The same rules apply as before:
- All kits have to be based on genuine adidas designs of the era
- Kits should change at the exact same time they did in reality
- Away kit colours should match the real kits of the season
Home: I’ll admit it I’m a sucker for the classic adidas design: a simple colour, with stripes down the sleeve, and no major detail. Some people reading these posts may think by continued choice of this type of kit takes the ‘fantasy’ out of “Fantasy Kit Friday”, but it’s hard to overlook Spain’s shirt: a classy design that has lasted for years, and seems particularly apt given the reintroduction of yellow trim. Away: Black, grey and yellow. Good colours for the loading screens of a futuristic computer game, less so for a Liverpool kit. Liverpool’s only previous sashed shirt was the green 1999-2000 away, so let’s copy Russia’s Euro 2012 designs. Third: Purple is Liverpool’s civic colour, but hadn’t been associated with the club before the Warrior/New Balance era: three of the kits in this article will feature the colour prominently. Marseille’s away kit this season with the French flag details makes a decent fit
Home: Only one choice for this: the perfection that is Bayern’s 2013-14 kit. I have to very slightly break the rule, and pretend I didn’t notice that yellow, not white, was Liverpool’s second colour that year. Away: One of the more ‘challenging’ designs, but the colours are as trad as it’s possible to get. As much as I’d like to stick with the classic adidas style, I feel like I should vary it a bit – of their other templates this year, I’m not a fan of the deep V-neck, or the water wings effect that was so common. Instead we’ll use Sunderland’s away kit with the side panels. Third: Another bold design, and given the colours available, we need to meet it at least half-way. Bayern had an unusual three-tone blue kit for the Champions League which could be adapted.
Home: Must we change all three kits every year? Apparently so. A few different adidas templates were on show this year, but I like Hearts’ traditional look. Away: Basic to basics I think – an imitation of Leverkusen’s kit, in the yellow and red worn at the time. Third:You may have detected a German influence to this post – I’m a big fan of German football, and the national team. A lot of people don’t realise, as they never wore it in any memorable matches but Germany had a Flamengo-style kit in 2014. While this seems to fit the black and red used on Liverpool’s third kit at the time, no Liverpool change kit should have that much red, so we’ll see what a negative of Germany’s home kit would look like.
Home: Middlesbrough had what seemed like a perfect Liverpool kit to me this season – the classic adidas template, but with pinstripes reminiscent of Liverpool’s mid-80s kits. Away: A stripe across a kit always looks nice, be it horizontal, vertical or a sash. Milan’s away kit went with a nice horizontal banner across the chest this year, which suits Liverpool’s return to traditional away colours.
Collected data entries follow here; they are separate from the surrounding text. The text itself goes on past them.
lemma fps_compose_eq_shift_plus_sum:
  fixes D f :: "'a::idom fps"
  assumes f0: "f $ 0 = 0"
  shows "D oo f = f ^ Suc n * (fps_shift (Suc n) D oo f) + (\<Sum>k = 0..n. fps_const (D $ k) * f ^ k)"
proof -
  define T where "T = (\<Sum>k = 0..n. fps_const (D $ k) * fps_X ^ k)"
  have "fps_cutoff (Suc n) D = T"
    unfolding T_def using fps_poly_sum_fps_X[of n "fps_cutoff (Suc n) D"] by simp
  hence "D = fps_X ^ Suc n * fps_shift (Suc n) D + T"
    using fps_shift_cutoff'[of "Suc n" D] by simp
  hence "D oo f = (fps_X ^ Suc n * fps_shift (Suc n) D + T) oo f" by simp
  also have "\<dots> = f ^ Suc n * (fps_shift (Suc n) D oo f) + (\<Sum>k = 0..n. fps_const (D $ k) * f ^ k)"
    using f0 unfolding T_def
    by (simp add: fps_compose_add_distrib fps_compose_sum_distrib fps_compose_mult_distrib fps_X_power_compose)
  finally show ?thesis .
qed

lemma fps_deriv_compose_nth_inverse_power:
  fixes f G :: "'a::field_char_0 fps"
  assumes f0: "f $ 0 = 0" and f1: "f $ 1 \<noteq> 0"
  shows "(fps_deriv (G oo f) * inverse (fps_shift 1 f) ^ Suc n) $ n = of_nat (Suc n) * G $ Suc n"
proof -
  define p where "p = fps_shift 1 f"
  define P where "P = inverse p ^ Suc n"
  define D where "D = fps_deriv G"
  define R where "R = fps_shift (Suc n) D"
  have p0: "p $ 0 \<noteq> 0" using f1 unfolding p_def by simp
  have f_eq: "f = fps_X * p" unfolding p_def using f0 by (intro fps_ext) simp
  have "fps_deriv (G oo f) * P = (D oo f) * (fps_deriv f * P)"
    by (simp add: fps_compose_deriv[OF f0] D_def mult_ac)
  also have "\<dots> = f ^ Suc n * (R oo f) * (fps_deriv f * P)
      + (\<Sum>k = 0..n. fps_const (D $ k) * f ^ k) * (fps_deriv f * P)"
    unfolding R_def fps_compose_eq_shift_plus_sum[OF f0, of D n] by (rule distrib_right)
  also have "f ^ Suc n = fps_X ^ Suc n * p ^ Suc n"
    by (simp add: f_eq power_mult_distrib)
  \<comment> \<open>the tail \<open>f\<^sup>n\<^sup>+\<^sup>1 (R \<circ> f)\<close> is divisible by \<open>t\<^sup>n\<^sup>+\<^sup>1\<close> and does not reach the coefficient of \<open>t\<^sup>n\<close>\<close>
  finally have "fps_deriv (G oo f) * P = fps_X ^ Suc n * (p ^ Suc n * (R oo f) * fps_deriv f * P)
      + (\<Sum>k = 0..n. fps_const (D $ k) * (f ^ k * fps_deriv f * P))"
    by (simp add: sum_distrib_left sum_distrib_right mult_ac)
  hence "(fps_deriv (G oo f) * P) $ n = (\<Sum>k = 0..n. D $ k * (f ^ k * fps_deriv f * P) $ n)"
    by (simp only: fps_add_nth fps_X_power_mult_nth fps_sum_nth fps_mult_left_const_nth) simp
  also have "\<dots> = (\<Sum>k = 0..n. D $ k * (if k = n then 1 else 0))"
    unfolding f_eq P_def by (intro sum.cong refl) (subst fps_nth_power_deriv_inverse_power[OF p0]; simp)
  also have "\<dots> = D $ n"
    by (simp add: sum.delta' if_distrib[of "\<lambda>x. _ * x"] cong: if_cong)
  also have "\<dots> = of_nat (Suc n) * G $ Suc n"
    by (simp add: D_def)
  finally show ?thesis unfolding P_def p_def .
qed

theorem fps_lagrange_inversion:
  fixes f H :: "'a::field_char_0 fps"
  assumes f0: "f $ 0 = 0" and f1: "f $ 1 \<noteq> 0"
  shows "of_nat (Suc n) * (H oo fps_inv f) $ Suc n = (fps_deriv H * inverse (fps_shift 1 f) ^ Suc n) $ n"
proof -
  have "(H oo fps_inv f) oo f = H"
    using fps_compose_assoc[OF f0, of "fps_inv f" H] fps_inv[OF f0 f1] by (simp add: fps_inv_def)
  thus ?thesis using fps_deriv_compose_nth_inverse_power[OF f0 f1, of "H oo fps_inv f" n] by simp
qed

lemma fact_mult_Suc_diff_eq_choose:
  assumes "l \<le> n"
  shows "fact n * (Suc n - l) = (n choose l) * fact l * (fact (Suc n - l) :: nat)"
proof -
  have "Suc n - l = Suc (n - l)" using assms by simp
  thus ?thesis using binomial_fact_lemma[OF assms] by (simp add: algebra_simps)
qed

lemma fact_mult_nth_compose_fps_inv:
  fixes f H :: "'a::field_char_0 fps"
  assumes "f $ 0 = 0" and "f $ 1 \<noteq> 0"
  shows "fact (Suc n) * (H oo fps_inv f) $ Suc n = (\<Sum>l = 0..n. of_nat (n choose l)
      * (fact l * (inverse (fps_shift 1 f) ^ Suc n) $ l) * (fact (Suc n - l) * H $ (Suc n - l)))"
proof -
  define P where "P = inverse (fps_shift 1 f) ^ Suc n"
  have "fact (Suc n) * (H oo fps_inv f) $ Suc n = fact n * (P * fps_deriv H) $ n"
    using fps_lagrange_inversion[OF assms, of n H] unfolding P_def by (simp add: mult_ac)
  also have "\<dots> = (\<Sum>l = 0..n. (fact n * of_nat (Suc n - l)) * (P $ l * H $ (Suc n - l)))"
    unfolding fps_mult_nth sum_distrib_left
    by (intro sum.cong refl) (simp add: Suc_diff_le mult_ac)
  also have "\<dots> = (\<Sum>l = 0..n. of_nat (n choose l) * (fact l * P $ l) * (fact (Suc n - l) * H $ (Suc n - l)))"
  proof (intro sum.cong refl)
    fix l assume "l \<in> {0..n}"
    hence "(fact n * of_nat (Suc n - l) :: 'a) = of_nat (n choose l) * fact l * fact (Suc n - l)"
      using fact_mult_Suc_diff_eq_choose[of l n] by (metis atLeastAtMost_iff of_nat_fact of_nat_mult)
    thus "fact n * of_nat (Suc n - l) * (P $ l * H $ (Suc n - l))
        = of_nat (n choose l) * (fact l * P $ l) * (fact (Suc n - l) * H $ (Suc n - l))"
      by (simp add: mult_ac)
  qed
  finally show ?thesis unfolding P_def .
qed

lemma sheffer_poly_eq:
  assumes "sheffer g f S"
  shows "poly (S n) y = fact n * ((inverse g * fps_exp y) oo fps_inv f) $ n"
proof -
  have g0: "g $ 0 \<noteq> 0"
    and egf: "Abs_fps (\<lambda>k. poly (S k) y / fact k) = inverse (g oo fps_inv f) * (fps_exp y oo fps_inv f)"
    using assms unfolding sheffer_def by blast+
  have i0: "fps_inv f $ 0 = 0" by (simp add: fps_inv_def)
  have "inverse (g oo fps_inv f) * (fps_exp y oo fps_inv f) = (inverse g * fps_exp y) oo fps_inv f"
    by (simp add: fps_inverse_compose[OF i0 g0] fps_compose_mult_distrib[OF i0])
  with egf have "poly (S n) y / fact n = ((inverse g * fps_exp y) oo fps_inv f) $ n"
    by (metis fps_nth_Abs_fps)
  thus ?thesis by (simp add: field_simps)
qed

lemma narumi_neg_of_nat:
  "narumi (- of_nat n) l = fact l * (inverse (fps_shift 1 (fps_ln 1)) ^ n) $ l"
proof -
  have "fps_shift 1 (fps_ln 1) $ 0 = (1::complex)" by (simp add: fps_ln_nth)
  thus ?thesis unfolding narumi_def by (simp add: fps_cpow_neg_of_nat)
qed

lemma bernoulli_ord_eq_nth:
  "bernoulli_ord \<alpha> k x = fact k * (inverse (fps_cpow (fps_shift 1 (fps_exp 1 - 1)) \<alpha>) * fps_exp x) $ k"
  unfolding bernoulli_ord_def by (simp add: fps_inverse_fps_cpow)

theorem mainTheorem6:
  fixes \<alpha> :: complex and S :: "nat \<Rightarrow> complex poly" and n :: nat and x :: complex
  assumes "sheffer (fps_cpow (fps_shift 1 (fps_exp 1 - 1)) \<alpha>) (fps_ln 1) S"
    and "n \<ge> 1"
  shows "poly (S n) x =
    (\<Sum>l = 0..n-1. of_nat ((n-1) choose l) * narumi (- of_nat n) l * bernoulli_ord \<alpha> (n-l) x)"
proof -
  obtain m where n: "n = Suc m" using \<open>n \<ge> 1\<close> by (cases n) auto
  have "fps_ln 1 $ 0 = (0::complex)" "fps_ln 1 $ 1 \<noteq> (0::complex)"
    by (simp_all add: fps_ln_nth)
  from fact_mult_nth_compose_fps_inv[OF this] sheffer_poly_eq[OF assms(1)]
  show ?thesis unfolding n narumi_neg_of_nat bernoulli_ord_eq_nth by simp
qed

end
Third: Imitating Marseille again, with their shadow-striped kit being the best fit for Liverpool’s grey.
Home: Not a fan of adidas’s side stripes, given the choice, but they were inescapable in 2016. A red version of Chelsea’s shirt of the same year seems like the classiest approach, especially as the crest repeating through the fabric recalls the Liverpool kits of 1985 and 1987 (and the Reebok 1996-98 kit). Away: Wales’s kit may be a template, but it’s a damn nice one, and should fit the black Liverpool wore this season. Third: As Liverpool went for highlighter yellow, it only seems apt to copy Scotland’s highlighter pink kit of the same year.
Home: The short shoulder stripes of Marseille’s home kit feel like a nice throwback to Liverpool’s first adidas kit. Away: Both Bayern and Liverpool paid homage to mid-90s kits this year. The white and green would surely suit Bayern’s away set-up. Third: Liverpool had an orange kit, and Germany brought out a tribute to a design worn by the Netherlands when they won Euro 88. It seems to fit.
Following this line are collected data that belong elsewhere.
lemma ext1_dim_loop_reduced_eq:
  assumes "I \<subseteq> path_alg src tgt" "0 \<in> I"
    and "loops_act_trivially src tgt dM mM" "loops_act_trivially src tgt dN mN"
    and "\<And>\<delta> g. \<delta> \<in> ext_cocycles src tgt I dM mM dN mN \<Longrightarrow> is_loop src tgt g \<Longrightarrow>
           \<forall>i<dN (src g). \<forall>j<dM (src g). \<delta> g i j = 0"
  shows "ext1_dim src tgt I dM mM dN mN = ext1_dim src tgt (loop_reduced_ideal src tgt I) dM mM dN mN"
proof -
  have "ext_cocycles src tgt (loop_reduced_ideal src tgt I) dM mM dN mN =
        ext_cocycles src tgt I dM mM dN mN"
    using ext_cocycles_loop_reduced[OF assms(1-4)] assms(5) by blast
  then show ?thesis by (simp add: ext1_dim_def)
qed

lemma ext_mat_mmul_upper_right:
  assumes "tgt a = src b" "i < dN (tgt b)"
  shows "mmul (ext_dim dM dN (tgt a)) (ext_mat src tgt dM mM dN mN \<delta> b)
           (ext_mat src tgt dM mM dN mN \<delta> a) i (dN (src a) + j) =
         mmul (dN (tgt a)) (mN b) (\<delta> a) i j + mmul (dM (tgt a)) (\<delta> b) (mM a) i j"
  using assms unfolding mmul_def ext_dim_def
  by (simp add: sum_lessThan_add_nat ext_mat_def)

lemma ext_cocycle_path_relation:
  assumes "\<delta> \<in> ext_cocycles src tgt I dM mM dN mN" "path_delta (src a, [a, b]) \<in> I"
    and "tgt a = src b" "i < dN (tgt b)" "j < dM (src a)"
  shows "mmul (dN (tgt a)) (mN b) (\<delta> a) i j + mmul (dM (tgt a)) (\<delta> b) (mM a) i j = 0"
proof -
  let ?E = "ext_mat src tgt dM mM dN mN \<delta>" and ?d = "ext_dim dM dN"
  have "annihilates src tgt ?d ?E (path_delta (src a, [a, b]))"
    using assms(1,2) by (simp add: ext_cocycles_def is_module_def)
  from annihilates_path_delta[OF this, of i "dN (src a) + j"]
  have "0 = eval_path tgt ?d ?E [a, b] i (dN (src a) + j)"
    using assms(4,5) by (simp add: path_end_def ext_dim_def del: eval_path.simps)
  also have "\<dots> = mmul (?d (tgt a)) (?E b) (?E a) i (dN (src a) + j)"
    using assms(4) by (simp add: eval_path_pair ext_dim_def del: eval_path.simps)
  also have "\<dots> = mmul (dN (tgt a)) (mN b) (\<delta> a) i j + mmul (dM (tgt a)) (\<delta> b) (mM a) i j"
    using assms(3,4) by (rule ext_mat_mmul_upper_right)
  finally show ?thesis by simp
qed

definition concentrated_at :: "'v \<Rightarrow> (nat \<Rightarrow> nat \<Rightarrow> 'k::zero) \<Rightarrow> 'v \<Rightarrow> nat \<Rightarrow> nat \<Rightarrow> 'k" where
  "concentrated_at v X = (\<lambda>u. if u = v then X else (\<lambda>i j. 0))"

lemma ext_cocycle_at_loop_hom:
  assumes Z: "\<delta> \<in> ext_cocycles src tgt I dM mM dN mN" and "comm_loops src tgt I"
    and M: "loops_act_trivially src tgt dM mM" and N: "loops_act_trivially src tgt dN mN"
    and g: "is_loop src tgt g"
  shows "concentrated_at (src g) (\<delta> g) \<in> hom_set src tgt dM mM dN mN"
  unfolding hom_set_def mem_Collect_eq
proof (intro allI impI)
  fix a i j assume ij: "i < dN (tgt a)" "j < dM (src a)"
  let ?h = "concentrated_at (src g) (\<delta> g)"
  have tg: "tgt g = src g" using g by (simp add: is_loop_def)
  consider "is_loop src tgt a" "src a = src g"
    | "\<not> is_loop src tgt a" "src a = src g"
    | "\<not> is_loop src tgt a" "tgt a = src g"
    | "src a \<noteq> src g" "tgt a \<noteq> src g"
    by (metis is_loop_def)
  then show "mmul (dN (src a)) (mN a) (?h (src a)) i j = mmul (dM (tgt a)) (?h (tgt a)) (mM a) i j"
  proof cases
    case 1
    then have "tgt a = src a" by (simp add: is_loop_def)
    with ij mmul_loop_left[OF N 1(1)] mmul_loop_right[OF M 1(1)] show ?thesis by simp
  next
    case 2
    then have "path_delta (src g, [g, a]) \<in> I"
      using \<open>comm_loops src tgt I\<close> g tg by (simp add: comm_loops_def)
    from ext_cocycle_path_relation[OF Z this] 2 ij tg
    have "mmul (dN (src g)) (mN a) (\<delta> g) i j + mmul (dM (src g)) (\<delta> a) (mM g) i j = 0"
      by simp
    with 2 ij M g tg show ?thesis
      by (simp add: concentrated_at_def mmul_loop_right is_loop_def) (simp add: mmul_def)
  next
    case 3
    then have "path_delta (src a, [a, g]) \<in> I"
      using \<open>comm_loops src tgt I\<close> g by (simp add: comm_loops_def)
    from ext_cocycle_path_relation[OF Z this] 3 ij tg
    have "mmul (dN (src g)) (mN g) (\<delta> a) i j + mmul (dM (src g)) (\<delta> g) (mM a) i j = 0"
      by simp
    with 3 ij N g tg show ?thesis
      by (simp add: concentrated_at_def mmul_loop_left is_loop_def) (simp add: mmul_def)
  next
    case 4
    then show ?thesis by (simp add: concentrated_at_def mmul_def)
  qed
qed

lemma brick_concentrated_dim_one:
  assumes brick: "is_brick src tgt d (m :: 'a \<Rightarrow> nat \<Rightarrow> nat \<Rightarrow> 'k::field)"
    and loops: "loops_act_trivially src tgt d m" and conc: "\<forall>u. u \<noteq> v \<longrightarrow> d u = 0"
  shows "d v = 1"
proof (rule ccontr)
  assume "d v \<noteq> 1"
  moreover have "0 < d v" using brick conc unfolding is_brick_def by (metis neq0_conv)
  ultimately have "1 < d v" by linarith
  define e where "e = concentrated_at v (\<lambda>i j. if i = 0 \<and> j = 0 then 1 else (0 :: 'k))"
  have "e \<in> hom_set src tgt d m d m"
    unfolding hom_set_def mem_Collect_eq
  proof (intro allI impI)
    fix a i j assume ij: "i < d (tgt a)" "j < d (src a)"
    then have "src a = v" "tgt a = v" using conc by (metis not_less0)+
    then have "is_loop src tgt a" by (simp add: is_loop_def)
    with ij \<open>tgt a = v\<close> \<open>src a = v\<close> mmul_loop_left[OF loops] mmul_loop_right[OF loops]
    show "mmul (d (src a)) (m a) (e (src a)) i j = mmul (d (tgt a)) (e (tgt a)) (m a) i j"
      by metis
  qed
  then obtain c where "\<forall>i<d v. \<forall>j<d v. e v i j = c * idm i j"
    using brick unfolding is_brick_def by blast
  from this[rule_format, of 0 0] this[rule_format, of 1 1] \<open>1 < d v\<close>
  show False by (simp add: e_def concentrated_at_def idm_def)
qed

lemma concentrated_dim_one_simple:
  fixes m :: "'a \<Rightarrow> nat \<Rightarrow> nat \<Rightarrow> 'k::field"
  assumes one: "d v = 1" and conc: "\<forall>u. u \<noteq> v \<longrightarrow> d u = 0"
  shows "is_simple src tgt d m"
  unfolding is_simple_def
proof (intro conjI allI impI)
  show "\<exists>v. 0 < d v" using one by (metis zero_less_one)
next
  fix U assume U: "is_subrep src tgt d m U"
  have "vecs 0 = {0 :: nat \<Rightarrow> 'k}" by (auto simp: vecs_def)
  then have elsewhere: "U u = {0}" if "u \<noteq> v" for u
    using U conc that unfolding is_subrep_def by (metis subset_singletonD empty_iff)
  show "(\<forall>v. U v = {0}) \<or> (\<forall>v. U v = vecs (d v))"
  proof (cases "U v \<subseteq> {0}")
    case True
    then have "U v = {0}" using U unfolding is_subrep_def by blast
    then show ?thesis using elsewhere by metis
  next
    case False
    then obtain x where x: "x \<in> U v" "x \<noteq> 0" by blast
    have "x \<in> vecs 1" using U x one unfolding is_subrep_def by (metis subsetD)
    then have "x 0 \<noteq> 0"
      using x(2) by (auto simp: vecs_def fun_eq_iff) (metis Suc_leI neq0_conv)
    have "vecs 1 \<subseteq> U v"
    proof
      fix y :: "nat \<Rightarrow> 'k" assume "y \<in> vecs 1"
      have "(\<lambda>i. (y 0 / x 0) * x i) \<in> U v" using U x unfolding is_subrep_def by blast
      moreover have "(y 0 / x 0) * x i = y i" for i
        using \<open>x 0 \<noteq> 0\<close> \<open>x \<in> vecs 1\<close> \<open>y \<in> vecs 1\<close> by (cases "i = 0") (auto simp: vecs_def)
      ultimately show "y \<in> U v" by simp
    qed
    moreover have "U v \<subseteq> vecs 1" using U one unfolding is_subrep_def by metis
    ultimately have "\<forall>u. U u = vecs (d u)"
      using elsewhere \<open>vecs 0 = {0}\<close> one conc by (metis subset_antisym)
    then show ?thesis ..
  qed
qed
Home: Another Fantasy Kit Friday imagined a Liverpool kit in the retro style worn by Mexico. Great though that was, I won’t imitate it and instead wonder if Germany’s away kit makes a suitable homage to Liverpool’s 1989-90 kit. Away: Of the retro kits that adidas paid tribute to in 2018, all that could be associated with Liverpool have been used elsewhere. Let’s instead copy Russia’s home kit of this tournament. Third: Liverpool’s third kit last season paid homage to the grey kit of 1989-91. They had a tracksuit this season that wore the classic West Germany pattern and in a perfect world might have had a shirt like that too. Adidas brought out a kit in 2018 that paid tribute to this design. It’s just maths.
Home: I know everyone likes the pin stripes, and I understand that, I do. But we’ve already had the perfect adidas pinstripe template in 2015-2016, and in the absence of the company producing similar this year, I really like Leicester’s new kit with its chequered shadow pattern. Away: White, blue, and red are unusual colours for Liverpool, and it’s difficult to combine those colours with adidas without it looking a bit Team GB. Again, though, you can’t go wrong with a two/coloured stripe, so Hamburg’s similarly-coloured kit is a good fit. Third: Liverpool are the latest club to jump on the turquoise banner, albeit as a secondary colour. Real Madrid’s new turquoise kit uses a classy template which would look good reversed.